> Task description
Scan the entries below for the word "ccontr". Copy each line that has it.

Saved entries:
+++++

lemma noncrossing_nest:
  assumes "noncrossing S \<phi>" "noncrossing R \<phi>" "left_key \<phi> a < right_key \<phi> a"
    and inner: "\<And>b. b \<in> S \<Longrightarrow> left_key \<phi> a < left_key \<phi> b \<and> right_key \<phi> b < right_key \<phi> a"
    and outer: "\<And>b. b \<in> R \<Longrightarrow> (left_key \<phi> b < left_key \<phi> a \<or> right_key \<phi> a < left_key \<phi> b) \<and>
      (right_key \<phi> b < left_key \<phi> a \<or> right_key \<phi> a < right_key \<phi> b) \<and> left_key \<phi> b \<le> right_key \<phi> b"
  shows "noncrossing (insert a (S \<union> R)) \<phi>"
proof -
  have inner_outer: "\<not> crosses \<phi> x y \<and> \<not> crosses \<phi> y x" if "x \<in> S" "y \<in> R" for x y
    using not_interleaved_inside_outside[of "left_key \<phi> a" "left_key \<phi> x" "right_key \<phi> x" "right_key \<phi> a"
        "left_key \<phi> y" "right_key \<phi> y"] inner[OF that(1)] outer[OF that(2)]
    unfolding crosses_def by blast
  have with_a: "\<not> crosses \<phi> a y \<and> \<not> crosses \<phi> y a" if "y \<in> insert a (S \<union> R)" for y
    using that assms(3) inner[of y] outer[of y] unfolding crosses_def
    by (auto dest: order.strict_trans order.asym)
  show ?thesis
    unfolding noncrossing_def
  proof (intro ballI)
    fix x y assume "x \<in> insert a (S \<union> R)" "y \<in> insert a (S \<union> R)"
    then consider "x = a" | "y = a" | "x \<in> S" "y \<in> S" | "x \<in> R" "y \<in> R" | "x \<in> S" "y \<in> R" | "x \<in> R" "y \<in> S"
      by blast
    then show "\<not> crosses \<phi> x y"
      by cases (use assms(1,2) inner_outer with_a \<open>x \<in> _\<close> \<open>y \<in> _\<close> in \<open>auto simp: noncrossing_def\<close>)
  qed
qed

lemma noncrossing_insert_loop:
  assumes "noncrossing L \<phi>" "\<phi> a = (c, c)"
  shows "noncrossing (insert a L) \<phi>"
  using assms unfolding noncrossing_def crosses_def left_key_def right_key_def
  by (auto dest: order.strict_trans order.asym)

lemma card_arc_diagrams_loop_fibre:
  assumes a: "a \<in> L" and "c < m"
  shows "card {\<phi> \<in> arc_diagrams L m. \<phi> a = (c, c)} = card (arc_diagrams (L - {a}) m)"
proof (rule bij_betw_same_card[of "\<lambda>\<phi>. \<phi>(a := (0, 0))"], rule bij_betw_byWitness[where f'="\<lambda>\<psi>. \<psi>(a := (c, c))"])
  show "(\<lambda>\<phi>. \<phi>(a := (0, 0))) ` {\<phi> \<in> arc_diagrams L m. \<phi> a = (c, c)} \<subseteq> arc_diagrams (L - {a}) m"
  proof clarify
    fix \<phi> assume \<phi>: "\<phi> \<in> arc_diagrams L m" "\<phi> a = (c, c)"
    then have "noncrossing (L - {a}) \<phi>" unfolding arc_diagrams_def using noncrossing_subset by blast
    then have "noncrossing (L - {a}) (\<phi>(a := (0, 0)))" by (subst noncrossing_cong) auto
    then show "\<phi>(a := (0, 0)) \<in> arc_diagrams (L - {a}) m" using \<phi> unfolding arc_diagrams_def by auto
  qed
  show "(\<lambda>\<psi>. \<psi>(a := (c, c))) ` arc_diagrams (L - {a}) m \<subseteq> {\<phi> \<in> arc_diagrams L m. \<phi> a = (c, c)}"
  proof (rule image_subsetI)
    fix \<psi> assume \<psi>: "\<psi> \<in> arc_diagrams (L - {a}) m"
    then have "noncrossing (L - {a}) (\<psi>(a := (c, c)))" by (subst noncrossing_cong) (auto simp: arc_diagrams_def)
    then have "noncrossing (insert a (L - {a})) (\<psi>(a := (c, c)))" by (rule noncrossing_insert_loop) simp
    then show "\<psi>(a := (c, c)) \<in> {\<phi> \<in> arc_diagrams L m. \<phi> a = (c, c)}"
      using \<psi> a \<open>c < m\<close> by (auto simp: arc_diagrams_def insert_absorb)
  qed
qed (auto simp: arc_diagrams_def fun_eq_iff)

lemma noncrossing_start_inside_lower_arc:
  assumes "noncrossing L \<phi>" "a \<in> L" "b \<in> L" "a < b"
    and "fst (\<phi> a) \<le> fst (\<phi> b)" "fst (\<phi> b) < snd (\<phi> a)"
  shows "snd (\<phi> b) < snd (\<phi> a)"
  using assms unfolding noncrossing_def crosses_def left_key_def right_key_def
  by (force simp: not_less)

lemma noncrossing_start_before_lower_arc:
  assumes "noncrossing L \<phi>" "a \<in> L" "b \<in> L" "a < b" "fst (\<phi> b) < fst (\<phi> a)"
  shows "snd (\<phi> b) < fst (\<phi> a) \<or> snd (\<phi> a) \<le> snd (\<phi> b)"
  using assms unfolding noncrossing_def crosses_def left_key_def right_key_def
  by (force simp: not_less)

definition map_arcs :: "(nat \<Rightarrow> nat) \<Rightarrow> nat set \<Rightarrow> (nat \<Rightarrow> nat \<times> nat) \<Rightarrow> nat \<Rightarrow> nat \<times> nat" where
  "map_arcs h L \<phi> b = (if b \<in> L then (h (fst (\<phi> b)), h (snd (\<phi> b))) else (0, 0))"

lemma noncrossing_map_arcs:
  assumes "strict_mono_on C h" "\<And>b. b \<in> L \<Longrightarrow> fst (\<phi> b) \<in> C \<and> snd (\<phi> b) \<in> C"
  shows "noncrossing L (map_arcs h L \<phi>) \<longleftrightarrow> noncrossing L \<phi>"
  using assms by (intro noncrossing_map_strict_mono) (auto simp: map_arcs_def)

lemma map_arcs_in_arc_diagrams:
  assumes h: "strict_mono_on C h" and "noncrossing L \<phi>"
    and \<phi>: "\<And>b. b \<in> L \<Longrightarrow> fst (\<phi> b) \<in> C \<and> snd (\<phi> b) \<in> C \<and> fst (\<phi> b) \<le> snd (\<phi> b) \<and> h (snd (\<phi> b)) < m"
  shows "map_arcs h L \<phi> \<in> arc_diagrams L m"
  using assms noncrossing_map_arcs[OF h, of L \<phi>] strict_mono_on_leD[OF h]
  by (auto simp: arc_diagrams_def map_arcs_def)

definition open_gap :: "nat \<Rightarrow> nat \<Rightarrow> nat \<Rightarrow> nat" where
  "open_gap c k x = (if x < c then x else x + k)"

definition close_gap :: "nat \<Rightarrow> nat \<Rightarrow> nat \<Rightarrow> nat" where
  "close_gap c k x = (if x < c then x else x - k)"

+++++

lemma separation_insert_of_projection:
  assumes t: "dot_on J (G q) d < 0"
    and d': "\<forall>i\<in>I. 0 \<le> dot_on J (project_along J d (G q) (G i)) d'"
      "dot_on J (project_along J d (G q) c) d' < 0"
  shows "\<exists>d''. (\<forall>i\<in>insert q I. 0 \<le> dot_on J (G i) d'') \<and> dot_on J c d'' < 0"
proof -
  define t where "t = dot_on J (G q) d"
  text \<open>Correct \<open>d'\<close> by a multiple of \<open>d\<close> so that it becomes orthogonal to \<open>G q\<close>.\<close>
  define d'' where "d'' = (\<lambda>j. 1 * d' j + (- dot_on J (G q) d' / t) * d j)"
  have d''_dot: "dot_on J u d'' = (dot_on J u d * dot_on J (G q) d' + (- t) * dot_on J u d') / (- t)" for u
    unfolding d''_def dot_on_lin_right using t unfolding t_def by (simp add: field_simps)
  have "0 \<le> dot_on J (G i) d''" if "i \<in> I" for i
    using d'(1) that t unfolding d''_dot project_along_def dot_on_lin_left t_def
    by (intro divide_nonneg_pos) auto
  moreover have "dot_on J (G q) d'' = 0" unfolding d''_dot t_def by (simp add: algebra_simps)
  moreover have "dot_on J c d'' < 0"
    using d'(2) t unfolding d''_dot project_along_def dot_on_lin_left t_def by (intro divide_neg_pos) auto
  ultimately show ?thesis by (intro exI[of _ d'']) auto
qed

+++++

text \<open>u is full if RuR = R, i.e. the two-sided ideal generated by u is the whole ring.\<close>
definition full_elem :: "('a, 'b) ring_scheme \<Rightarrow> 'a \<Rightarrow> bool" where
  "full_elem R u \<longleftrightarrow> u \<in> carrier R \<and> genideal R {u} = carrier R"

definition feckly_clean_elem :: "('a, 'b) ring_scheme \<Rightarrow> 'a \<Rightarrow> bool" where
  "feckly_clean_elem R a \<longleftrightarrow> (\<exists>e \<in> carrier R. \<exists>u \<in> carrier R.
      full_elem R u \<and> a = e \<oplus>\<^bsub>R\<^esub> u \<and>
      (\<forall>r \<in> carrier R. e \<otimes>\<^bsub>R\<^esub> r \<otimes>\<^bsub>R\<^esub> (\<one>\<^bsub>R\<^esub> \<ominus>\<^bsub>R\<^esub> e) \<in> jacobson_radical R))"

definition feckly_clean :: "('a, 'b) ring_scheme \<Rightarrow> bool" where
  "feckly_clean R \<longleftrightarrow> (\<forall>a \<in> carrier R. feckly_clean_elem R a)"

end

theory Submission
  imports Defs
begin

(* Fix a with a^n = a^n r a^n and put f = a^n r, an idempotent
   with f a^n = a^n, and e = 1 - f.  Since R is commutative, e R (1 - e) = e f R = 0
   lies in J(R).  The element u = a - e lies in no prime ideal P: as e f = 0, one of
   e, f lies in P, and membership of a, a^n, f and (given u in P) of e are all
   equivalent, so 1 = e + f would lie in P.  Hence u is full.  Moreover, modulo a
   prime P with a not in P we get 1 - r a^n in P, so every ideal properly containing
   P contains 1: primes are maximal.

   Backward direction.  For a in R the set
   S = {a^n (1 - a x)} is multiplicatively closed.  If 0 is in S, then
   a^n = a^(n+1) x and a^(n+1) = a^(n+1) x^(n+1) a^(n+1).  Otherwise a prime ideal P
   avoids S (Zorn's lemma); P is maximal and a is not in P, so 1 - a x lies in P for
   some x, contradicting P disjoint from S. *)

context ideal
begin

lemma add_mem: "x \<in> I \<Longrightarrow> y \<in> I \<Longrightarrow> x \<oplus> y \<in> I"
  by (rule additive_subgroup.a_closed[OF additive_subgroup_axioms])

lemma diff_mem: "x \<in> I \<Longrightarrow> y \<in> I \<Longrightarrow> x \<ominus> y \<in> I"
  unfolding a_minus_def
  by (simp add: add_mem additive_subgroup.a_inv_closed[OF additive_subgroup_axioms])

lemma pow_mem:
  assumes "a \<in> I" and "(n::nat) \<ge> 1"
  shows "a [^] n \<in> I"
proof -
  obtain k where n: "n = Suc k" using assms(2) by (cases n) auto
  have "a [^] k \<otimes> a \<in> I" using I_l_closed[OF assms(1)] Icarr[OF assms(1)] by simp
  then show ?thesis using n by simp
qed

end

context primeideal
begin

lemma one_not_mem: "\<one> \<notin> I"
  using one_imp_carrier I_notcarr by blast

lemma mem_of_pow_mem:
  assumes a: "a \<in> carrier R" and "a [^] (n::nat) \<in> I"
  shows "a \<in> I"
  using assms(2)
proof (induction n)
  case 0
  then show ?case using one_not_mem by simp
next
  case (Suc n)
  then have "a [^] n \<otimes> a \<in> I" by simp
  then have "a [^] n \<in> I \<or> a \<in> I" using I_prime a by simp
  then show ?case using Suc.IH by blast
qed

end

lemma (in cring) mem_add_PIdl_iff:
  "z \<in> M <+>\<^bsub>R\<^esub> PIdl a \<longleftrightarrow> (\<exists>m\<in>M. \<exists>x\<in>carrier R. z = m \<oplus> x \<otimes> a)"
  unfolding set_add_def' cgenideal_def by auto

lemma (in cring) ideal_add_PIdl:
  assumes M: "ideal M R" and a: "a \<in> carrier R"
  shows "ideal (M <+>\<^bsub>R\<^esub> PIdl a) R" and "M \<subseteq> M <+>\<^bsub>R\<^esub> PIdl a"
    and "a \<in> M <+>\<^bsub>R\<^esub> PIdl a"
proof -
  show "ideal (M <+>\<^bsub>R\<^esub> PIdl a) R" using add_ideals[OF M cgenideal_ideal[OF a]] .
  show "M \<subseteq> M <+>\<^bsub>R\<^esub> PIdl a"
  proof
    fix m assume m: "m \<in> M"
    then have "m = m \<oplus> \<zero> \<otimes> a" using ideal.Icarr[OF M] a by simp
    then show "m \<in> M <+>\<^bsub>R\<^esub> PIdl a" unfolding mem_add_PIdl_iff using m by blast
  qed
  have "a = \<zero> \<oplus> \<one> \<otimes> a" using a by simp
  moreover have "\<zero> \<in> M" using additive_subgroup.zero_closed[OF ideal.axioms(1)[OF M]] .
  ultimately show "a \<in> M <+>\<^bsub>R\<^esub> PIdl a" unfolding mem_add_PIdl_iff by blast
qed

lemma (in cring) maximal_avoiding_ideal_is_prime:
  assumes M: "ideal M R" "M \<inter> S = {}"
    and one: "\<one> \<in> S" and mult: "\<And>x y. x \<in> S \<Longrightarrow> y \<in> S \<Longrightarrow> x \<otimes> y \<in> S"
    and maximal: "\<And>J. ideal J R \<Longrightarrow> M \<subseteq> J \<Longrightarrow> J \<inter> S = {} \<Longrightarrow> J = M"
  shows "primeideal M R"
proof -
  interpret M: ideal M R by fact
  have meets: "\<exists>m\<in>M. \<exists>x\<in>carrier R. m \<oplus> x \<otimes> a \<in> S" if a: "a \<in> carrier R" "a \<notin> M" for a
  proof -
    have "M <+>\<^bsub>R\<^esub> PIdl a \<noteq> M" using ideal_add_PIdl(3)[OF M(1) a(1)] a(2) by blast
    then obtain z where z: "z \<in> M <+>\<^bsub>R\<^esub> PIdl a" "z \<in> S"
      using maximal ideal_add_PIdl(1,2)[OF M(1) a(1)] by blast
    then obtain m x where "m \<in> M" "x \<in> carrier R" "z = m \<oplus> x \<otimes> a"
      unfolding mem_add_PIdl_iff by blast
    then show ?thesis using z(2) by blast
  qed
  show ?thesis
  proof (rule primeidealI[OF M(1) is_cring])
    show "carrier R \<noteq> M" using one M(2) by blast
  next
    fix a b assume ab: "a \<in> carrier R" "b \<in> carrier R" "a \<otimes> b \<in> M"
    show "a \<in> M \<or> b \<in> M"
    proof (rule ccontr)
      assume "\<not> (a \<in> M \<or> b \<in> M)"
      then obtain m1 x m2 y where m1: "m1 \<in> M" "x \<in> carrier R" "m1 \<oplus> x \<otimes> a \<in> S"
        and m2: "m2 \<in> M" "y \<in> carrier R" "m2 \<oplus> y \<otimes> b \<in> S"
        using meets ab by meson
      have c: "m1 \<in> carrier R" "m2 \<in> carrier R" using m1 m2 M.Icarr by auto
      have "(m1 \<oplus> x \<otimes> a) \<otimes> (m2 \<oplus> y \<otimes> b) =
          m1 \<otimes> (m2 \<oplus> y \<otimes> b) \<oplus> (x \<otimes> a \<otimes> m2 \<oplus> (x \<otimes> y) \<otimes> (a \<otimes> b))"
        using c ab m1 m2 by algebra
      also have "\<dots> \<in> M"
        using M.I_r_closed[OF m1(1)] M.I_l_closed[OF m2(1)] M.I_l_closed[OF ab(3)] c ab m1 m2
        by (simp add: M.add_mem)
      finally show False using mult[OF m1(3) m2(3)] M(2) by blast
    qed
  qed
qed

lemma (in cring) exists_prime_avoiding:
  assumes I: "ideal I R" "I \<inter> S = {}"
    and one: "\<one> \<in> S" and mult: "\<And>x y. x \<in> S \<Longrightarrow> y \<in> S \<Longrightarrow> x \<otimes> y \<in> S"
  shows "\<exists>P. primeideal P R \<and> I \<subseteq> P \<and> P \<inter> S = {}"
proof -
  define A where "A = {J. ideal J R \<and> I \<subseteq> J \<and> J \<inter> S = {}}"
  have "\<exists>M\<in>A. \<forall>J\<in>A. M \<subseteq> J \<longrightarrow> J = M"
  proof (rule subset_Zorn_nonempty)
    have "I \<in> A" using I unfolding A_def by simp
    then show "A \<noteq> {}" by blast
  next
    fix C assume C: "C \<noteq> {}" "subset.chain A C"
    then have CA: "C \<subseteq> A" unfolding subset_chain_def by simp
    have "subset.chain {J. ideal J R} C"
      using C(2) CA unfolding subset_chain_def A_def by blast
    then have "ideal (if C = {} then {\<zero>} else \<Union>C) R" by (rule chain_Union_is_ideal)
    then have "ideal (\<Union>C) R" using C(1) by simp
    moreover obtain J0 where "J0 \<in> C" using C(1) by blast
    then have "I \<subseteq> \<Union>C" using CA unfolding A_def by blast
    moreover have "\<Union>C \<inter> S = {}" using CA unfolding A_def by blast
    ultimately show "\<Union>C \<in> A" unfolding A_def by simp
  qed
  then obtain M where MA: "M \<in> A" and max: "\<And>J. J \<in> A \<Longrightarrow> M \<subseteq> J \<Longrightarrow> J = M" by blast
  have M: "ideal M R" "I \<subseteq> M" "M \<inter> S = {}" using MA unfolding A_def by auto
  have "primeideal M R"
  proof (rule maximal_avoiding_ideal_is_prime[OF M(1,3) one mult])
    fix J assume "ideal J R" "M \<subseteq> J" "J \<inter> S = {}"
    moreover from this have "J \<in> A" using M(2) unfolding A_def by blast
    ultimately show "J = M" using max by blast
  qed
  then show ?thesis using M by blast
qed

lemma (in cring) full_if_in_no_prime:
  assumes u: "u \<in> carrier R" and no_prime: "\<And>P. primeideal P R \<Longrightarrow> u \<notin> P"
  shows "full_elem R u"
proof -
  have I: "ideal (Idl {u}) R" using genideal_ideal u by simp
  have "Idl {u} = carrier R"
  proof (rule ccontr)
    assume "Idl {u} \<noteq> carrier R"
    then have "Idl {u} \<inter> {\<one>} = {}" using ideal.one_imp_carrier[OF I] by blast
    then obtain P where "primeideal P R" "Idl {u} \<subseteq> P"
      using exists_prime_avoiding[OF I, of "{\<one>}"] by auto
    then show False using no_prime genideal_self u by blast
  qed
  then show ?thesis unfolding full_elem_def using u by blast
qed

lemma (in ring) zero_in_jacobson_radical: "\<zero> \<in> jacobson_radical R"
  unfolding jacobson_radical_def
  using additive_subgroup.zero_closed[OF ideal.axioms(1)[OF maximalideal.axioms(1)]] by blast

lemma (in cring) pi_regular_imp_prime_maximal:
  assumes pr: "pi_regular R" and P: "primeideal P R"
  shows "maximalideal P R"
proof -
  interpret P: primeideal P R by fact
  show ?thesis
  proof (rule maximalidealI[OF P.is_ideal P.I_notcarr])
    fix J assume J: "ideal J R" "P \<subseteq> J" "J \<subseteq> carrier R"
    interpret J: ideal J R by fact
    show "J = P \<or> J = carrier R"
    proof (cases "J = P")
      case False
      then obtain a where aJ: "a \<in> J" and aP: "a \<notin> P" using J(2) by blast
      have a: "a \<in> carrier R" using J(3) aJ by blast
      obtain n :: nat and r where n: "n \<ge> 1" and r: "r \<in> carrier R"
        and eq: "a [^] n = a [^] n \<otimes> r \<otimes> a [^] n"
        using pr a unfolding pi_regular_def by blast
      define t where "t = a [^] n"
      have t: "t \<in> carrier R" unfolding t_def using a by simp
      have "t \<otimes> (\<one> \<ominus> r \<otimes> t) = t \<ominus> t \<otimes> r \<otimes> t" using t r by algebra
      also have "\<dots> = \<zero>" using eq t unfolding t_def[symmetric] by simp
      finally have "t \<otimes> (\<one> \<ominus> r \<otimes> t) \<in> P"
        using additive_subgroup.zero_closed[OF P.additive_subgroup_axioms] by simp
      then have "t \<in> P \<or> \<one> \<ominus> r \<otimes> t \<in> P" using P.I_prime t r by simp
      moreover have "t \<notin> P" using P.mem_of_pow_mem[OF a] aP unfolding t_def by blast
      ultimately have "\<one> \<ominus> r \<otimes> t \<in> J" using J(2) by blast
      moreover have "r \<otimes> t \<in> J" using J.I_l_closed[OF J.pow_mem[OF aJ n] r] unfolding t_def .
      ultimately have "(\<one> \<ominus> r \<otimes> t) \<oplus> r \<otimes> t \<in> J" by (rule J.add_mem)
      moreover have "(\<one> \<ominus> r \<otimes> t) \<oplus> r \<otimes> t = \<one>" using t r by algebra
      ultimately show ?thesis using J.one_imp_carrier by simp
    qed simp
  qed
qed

+++++

> Exercise response
    proof (rule ccontr)
  proof (rule ccontr)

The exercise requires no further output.